First Search for Low-Frequency CH with a Square Kilometre Array Precursor Telescope

TL;DR

This study conducted a pilot interferometric search for low-frequency CH hyperfine transitions in RCW 38 using ASKAP, setting upper limits on the column density but not detecting the signal, advancing radio observations of interstellar molecules.

Contribution

First interferometric search for low-frequency CH hyperfine transitions with ASKAP, providing new sensitivity limits and demonstrating the environment's radio quietness for future studies.

Findings

No detection of CH at 724.7883 MHz in RCW 38.

Achieved a 5-hour sensitivity limit of 0.09 Jy.

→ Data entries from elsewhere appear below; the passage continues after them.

lemma act_mult:
  assumes P: "P \<in> Dcar_inv" and Q: "Q \<in> Dcar_inv"
  shows "act (Dmult P Q) f = act P (act Q f)"
proof -
  define A B where "A = Dsupp P" and "B = Dsupp Q"
  define C where "C = sumset A B"
  have fin: "finite A" "finite B" "finite C"
    using P Q by (auto simp: A_def B_def C_def Dcar_inv_finite finite_sumset)
  let ?t = "\<lambda>d n. ev_fract (P d) * qshift (2 * fst d) (ev_fract (Q (n - d))) * Ecoeff (fst n)
    * qshift (2 * fst n) f"
  have "act (Dmult P Q) f = (\<Sum>n\<in>C. ev_fract (Dmult P Q n) * Ecoeff (fst n) * qshift (2 * fst n) f)"
    using Dsupp_Dmult fin by (intro act_eq_sum) (auto simp: A_def B_def C_def)
  also have "\<dots> = (\<Sum>d\<in>A. \<Sum>n\<in>C. ?t d n)"
    by (simp add: ev_fract_Dmult[OF P Q] A_def sum_distrib_right sum.swap[of _ C])
  also have "\<dots> = (\<Sum>d\<in>A. \<Sum>e\<in>B. ?t d (d + e))"
  proof (rule sum.cong[OF refl])
    fix d assume "d \<in> A"
    then have "(+) d ` B \<subseteq> C" by (auto simp: C_def intro: sumsetI)
    then show "(\<Sum>n\<in>C. ?t d n) = (\<Sum>e\<in>B. ?t d (d + e))"
      by (rule sum_translate_support[OF fin(3)]) (simp add: B_def Dsupp_def ev_fract_zero qshift_zero)
  qed
  also have "\<dots> = (\<Sum>d\<in>A. ev_fract (P d) * Ecoeff (fst d) * qshift (2 * fst d) (act Q f))"
  proof (rule sum.cong[OF refl])
    fix d
    \<comment> \<open>This is where the shape of \<open>Ecoeff\<close> enters: it is a cocycle for the shifts.\<close>
    have "(\<Sum>e\<in>B. ?t d (d + e)) = (\<Sum>e\<in>B. ev_fract (P d) * Ecoeff (fst d)
        * qshift (2 * fst d) (ev_fract (Q e) * Ecoeff (fst e) * qshift (2 * fst e) f))"
      by (intro sum.cong refl) (simp add: qshift_mult qshift_comp Ecoeff_add distrib_left mult_ac)
    also have "\<dots> = ev_fract (P d) * Ecoeff (fst d) * qshift (2 * fst d) (act Q f)"
      by (simp add: act_eq_sum[OF fin(2)] B_def qshift_sum sum_distrib_left)
    finally show "(\<Sum>e\<in>B. ?t d (d + e)) = ev_fract (P d) * Ecoeff (fst d) * qshift (2 * fst d) (act Q f)" .
  qed
  also have "\<dots> = act P (act Q f)"
    by (simp add: act_eq_sum[OF fin(1)] A_def)
  finally show ?thesis .
qed

lemma act_ring_hom: "act \<in> ring_hom Dinv EndT"
  by (rule ring_hom_memI)
     (auto simp: carrier_Dinv act_carrier act_Dunit act_mult act_add fun_eq_iff)

lemma act_ring_hom_ring: "ring_hom_ring Dinv EndT act"
  by (rule ring_hom_ringI2[OF ring_Dinv ring_EndT act_ring_hom])

lemma act_Dmono: "act (Dmono d x) f = ev_fract x * Ecoeff (fst d) * qshift (2 * fst d) f"
proof -
  have "act (Dmono d x) f = (\<Sum>d'\<in>{d}. ev_fract (Dmono d x d') * Ecoeff (fst d') * qshift (2 * fst d') f)"
    by (rule act_eq_sum) (simp_all add: Dsupp_Dmono)
  then show ?thesis by (simp add: Dmono_def)
qed

lemma act_deg0: "act (deg0 x) = mulop (ev_fract x)"
  by (rule ext) (simp add: deg0_eq_Dmono act_Dmono Ecoeff_0 qshift_0 mulop_def)

lemma act_Epow: "act (Epow n) f = Ecoeff n * qshift (2 * n) f"
  by (simp add: Epow_def act_Dmono ev_fract_one)

section \<open>The kernel of the action\<close>

definition unit_rel :: "dvar \<Rightarrow> dvar \<Rightarrow> dvar laurent" where
  "unit_rel a b = lvar a * lvar b - 1"

definition unit_pairs :: "(dvar \<times> dvar) set" where
  "unit_pairs = {(Z11, Z12), (Z21, Z22), (W1, W2)}"

definition rel_ideal :: "dvar laurent set" where
  "rel_ideal = {g1 * unit_rel Z11 Z12 + g2 * unit_rel Z21 Z22 + g3 * unit_rel W1 W2 | g1 g2 g3. True}"

lemma rel_ideal_add:
  assumes "p \<in> rel_ideal" "q \<in> rel_ideal" shows "p + q \<in> rel_ideal"
proof -
  obtain a1 a2 a3 b1 b2 b3 where
    "p = a1 * unit_rel Z11 Z12 + a2 * unit_rel Z21 Z22 + a3 * unit_rel W1 W2"
    "q = b1 * unit_rel Z11 Z12 + b2 * unit_rel Z21 Z22 + b3 * unit_rel W1 W2"
    using assms by (auto simp: rel_ideal_def)
  then have "p + q = (a1 + b1) * unit_rel Z11 Z12 + (a2 + b2) * unit_rel Z21 Z22 + (a3 + b3) * unit_rel W1 W2"
    by (simp add: algebra_simps)
  then show ?thesis by (auto simp: rel_ideal_def)
qed

lemma rel_ideal_mult:
  assumes "p \<in> rel_ideal" shows "c * p \<in> rel_ideal"
proof -
  obtain a1 a2 a3 where "p = a1 * unit_rel Z11 Z12 + a2 * unit_rel Z21 Z22 + a3 * unit_rel W1 W2"
    using assms by (auto simp: rel_ideal_def)
  then have "c * p = (c * a1) * unit_rel Z11 Z12 + (c * a2) * unit_rel Z21 Z22 + (c * a3) * unit_rel W1 W2"
    by (simp add: algebra_simps)
  then show ?thesis by (auto simp: rel_ideal_def)
qed

lemma rel_ideal_zero: "0 \<in> rel_ideal"
  unfolding rel_ideal_def by (auto intro!: exI[of _ 0])

lemma dvd_rel_ideal:
  assumes "(a, b) \<in> unit_pairs" "unit_rel a b dvd p"
  shows "p \<in> rel_ideal"
proof -
  obtain g where p: "p = g * unit_rel a b" using assms(2) by (auto simp: dvd_def mult.commute)
  have "g * unit_rel Z11 Z12 + 0 * unit_rel Z21 Z22 + 0 * unit_rel W1 W2 \<in> rel_ideal"
    "0 * unit_rel Z11 Z12 + g * unit_rel Z21 Z22 + 0 * unit_rel W1 W2 \<in> rel_ideal"
    "0 * unit_rel Z11 Z12 + 0 * unit_rel Z21 Z22 + g * unit_rel W1 W2 \<in> rel_ideal"
    unfolding rel_ideal_def by blast+
  then show ?thesis using assms(1) p by (auto simp: unit_pairs_def)
qed

lemma int_hom_diff_1_dvd:
  fixes m :: "int \<Rightarrow> 'a::comm_ring_1"
  assumes add: "\<And>a b. m (a + b) = m a * m b" and m0: "m 0 = 1"
  shows "m 1 - 1 dvd m k - 1"
proof (induction k rule: int_induct[where k = 0])
  case base
  then show ?case using m0 by simp
next
  case (step1 i)
  have "m (i + 1) - 1 = m i * (m 1 - 1) + (m i - 1)" by (simp add: add algebra_simps)
  then show ?case by (simp only:) (rule dvd_add[OF dvd_mult[OF dvd_refl] step1(2)])
next
  case (step2 i)
  have "m i = m (i - 1) * m 1" using add[of "i - 1" 1] by simp
  then have "m (i - 1) - 1 = (m i - 1) - m (i - 1) * (m 1 - 1)" by (simp add: algebra_simps)
  then show ?case by (simp only:) (rule dvd_diff[OF step2(2) dvd_mult[OF dvd_refl]])
qed

lemma unit_power_minus_1_rel_ideal:
  assumes "(a, b) \<in> unit_pairs"
  shows "lmono (single a k + single b k) - 1 \<in> rel_ideal"
proof (rule dvd_rel_ideal[OF assms])
  have "lmono (single a 1 + single b 1) = lvar a * lvar b" by (simp add: lvar_def lmono_add)
  then show "unit_rel a b dvd lmono (single a k + single b k) - 1"
    using int_hom_diff_1_dvd[of "\<lambda>k. lmono (single a k + single b k)" k]
    by (simp add: unit_rel_def lmono_add single_add add_ac) (simp add: lmono_def)
qed

lemma single_minus_reduce_rel_ideal: "single e c - single (reduce_exp e) c \<in> rel_ideal"
proof -
  define k1 k2 k3 where "k1 = lookup e Z12" and "k2 = lookup e Z22" and "k3 = lookup e W2"
  define M :: "dvar \<Rightarrow> dvar \<Rightarrow> int \<Rightarrow> dvar laurent"
    where "M a b k = lmono (single a k + single b k)" for a b k
  have e: "e = reduce_exp e + ((single Z11 k1 + single Z12 k1) + (single Z21 k2 + single Z22 k2)
      + (single W1 k3 + single W2 k3))"
    by (rule poly_mapping_eqI)
       (simp add: k1_def k2_def k3_def lookup_reduce_exp lookup_add lookup_single when_def split: dvar.split)
  have "single e c = single (reduce_exp e) c * (M Z11 Z12 k1 * M Z21 Z22 k2 * M W1 W2 k3)"
    by (subst e) (simp add: M_def lmono_def mult_single)
  then have "single e c - single (reduce_exp e) c
      = single (reduce_exp e) c * (M Z11 Z12 k1 * M Z21 Z22 k2 * M W1 W2 k3 - 1)"
    by (simp add: algebra_simps)
  also have "M Z11 Z12 k1 * M Z21 Z22 k2 * M W1 W2 k3 - 1
      = (M Z21 Z22 k2 * M W1 W2 k3) * (M Z11 Z12 k1 - 1) + M W1 W2 k3 * (M Z21 Z22 k2 - 1) + (M W1 W2 k3 - 1)"
    by (simp add: algebra_simps)
  finally show ?thesis
    unfolding M_def
    by (simp only:) (intro rel_ideal_mult rel_ideal_add unit_power_minus_1_rel_ideal; simp add: unit_pairs_def)
qed

lemma minus_reduce_rel_ideal: "p - pushforward reduce_exp p \<in> rel_ideal"
proof -
  have "p - pushforward reduce_exp p
      = (\<Sum>e\<in>keys p. single e (lookup p e)) - (\<Sum>e\<in>keys p. single (reduce_exp e) (lookup p e))"
    by (simp add: pushforward_def flip: poly_mapping_eq_sum_single)
  also have "\<dots> = (\<Sum>e\<in>keys p. single e (lookup p e) - single (reduce_exp e) (lookup p e))"
    by (rule sum_subtractf[symmetric])
  also have "\<dots> \<in> rel_ideal"
    by (rule sum_mem_add_closed) (simp_all add: rel_ideal_zero rel_ideal_add single_minus_reduce_rel_ideal)
  finally show ?thesis .
qed

lemma ev_laurent_kernel:
  assumes "ev_laurent p = 0" shows "p \<in> rel_ideal"
proof -
  define q where "q = pushforward reduce_exp p"
  have "inj_on ev_exp (keys q)"
  proof (rule inj_onI)
    fix a b assume "a \<in> keys q" "b \<in> keys q" "ev_exp a = ev_exp b"
    moreover have "reduce_exp e = e" if "e \<in> keys q" for e
      using that keys_pushforward[of reduce_exp p] reduce_exp_idem by (auto simp: q_def)
    ultimately show "a = b" using ev_exp_inj_reduced by metis
  qed
  moreover have "ev_laurent q = 0"
    using assms by (simp add: q_def pushforward_comp ev_exp_reduce_exp)
  ultimately have "q = 0" by (simp add: pushforward_eq_0_iff)
  then show ?thesis using minus_reduce_rel_ideal[of p] by (simp add: q_def)
qed

lemma ev_laurent_unit_rel: "(a, b) \<in> unit_pairs \<Longrightarrow> ev_laurent (unit_rel a b) = 0"
proof -
  assume "(a, b) \<in> unit_pairs"
  then have "ev_exp (single a 1 + single b 1) = 0"
    by (auto simp: unit_pairs_def intro!: poly_mapping_eqI
        simp: lookup_ev_exp lookup_add lookup_single split: tvar.split)
  then show ?thesis
    by (simp add: unit_rel_def lvar_def pushforward_diff pushforward_lmono comm_ring_homD[OF comm_ring_hom_ev_laurent]
        flip: lmono_add) (simp add: lmono_def)
qed

definition Jgens :: "(int \<times> int \<Rightarrow> Dfield) set" where
  "Jgens = {deg0 (rvar Z11 * rvar Z12 - 1), deg0 (rvar Z21 * rvar Z22 - 1), deg0 (rvar W1 * rvar W2 - 1)}"

lemma rvar_unit_rel: "rvar a * rvar b - 1 = Fract (unit_rel a b) 1"
  by (simp add: rvar_def unit_rel_def One_fract_def)

lemma Jgens_eq: "Jgens = (\<lambda>(a, b). deg0 (Fract (unit_rel a b) 1)) ` unit_pairs"
  by (simp add: Jgens_def unit_pairs_def rvar_unit_rel)

lemma Jgens_carrier: "Jgens \<subseteq> carrier Dinv"
  by (auto simp: Jgens_eq carrier_Dinv intro!: deg0_Dcar_inv KS_Fract_1)

lemma Jideal_eq: "Jideal = genideal Dinv Jgens"
  by (simp add: Jideal_def Jgens_def)

lemma ideal_Jideal: "ideal Jideal Dinv"
  unfolding Jideal_eq by (rule ring.genideal_ideal[OF ring_Dinv Jgens_carrier])

lemma Jgens_subset_Jideal: "Jgens \<subseteq> Jideal"
  unfolding Jideal_eq by (rule ring.genideal_self[OF ring_Dinv Jgens_carrier])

Set upper limits on CH column density in emission and absorption.

Abstract

The diatomic free radical methylidyne (CH) is an important tracer of the interstellar medium and the study of it was critical to our earliest understanding of star formation. Although it is detectable across the electromagnetic spectrum, observations at radio frequencies allow for a study of the kinematics of the diffuse and dense gas in regions of new star formation. There are only two published (single-dish) detections of the low-frequency hyperfine transitions between 700 and 725 MHz, despite the precise frequencies being known. These low-frequency transitions are of particular interest as they are shown in laboratory experiments to be more sensitive to magnetic fields than their high-frequency counterparts (with more pronounced Zeeman splitting). In this work we take advantage of the radio quiet environment and increased resolution of the Australian Square Kilometre Array Pathfinder (ASKAP) over previous searches to make a pilot interferometric search for CH at 724.7883 MHz (the strongest of the hyperfine transitions) in RCW 38. We found the band is clean of radio frequency interference, but we did not detect the signal from this transition to a five sigma sensitivity limit of 0.09 Jy, which corresponds to a total column density upper limit of 1.9x10^18cm^-2 for emission and 1.3x10^14cm^-2 for absorption with an optical depth limit of 0.95. Achieved within 5 hrs of integration, this column density sensitivity should have been adequate to detect the emission or absorption in RCW 38, if it had similar properties to the only previous reported detections in W51.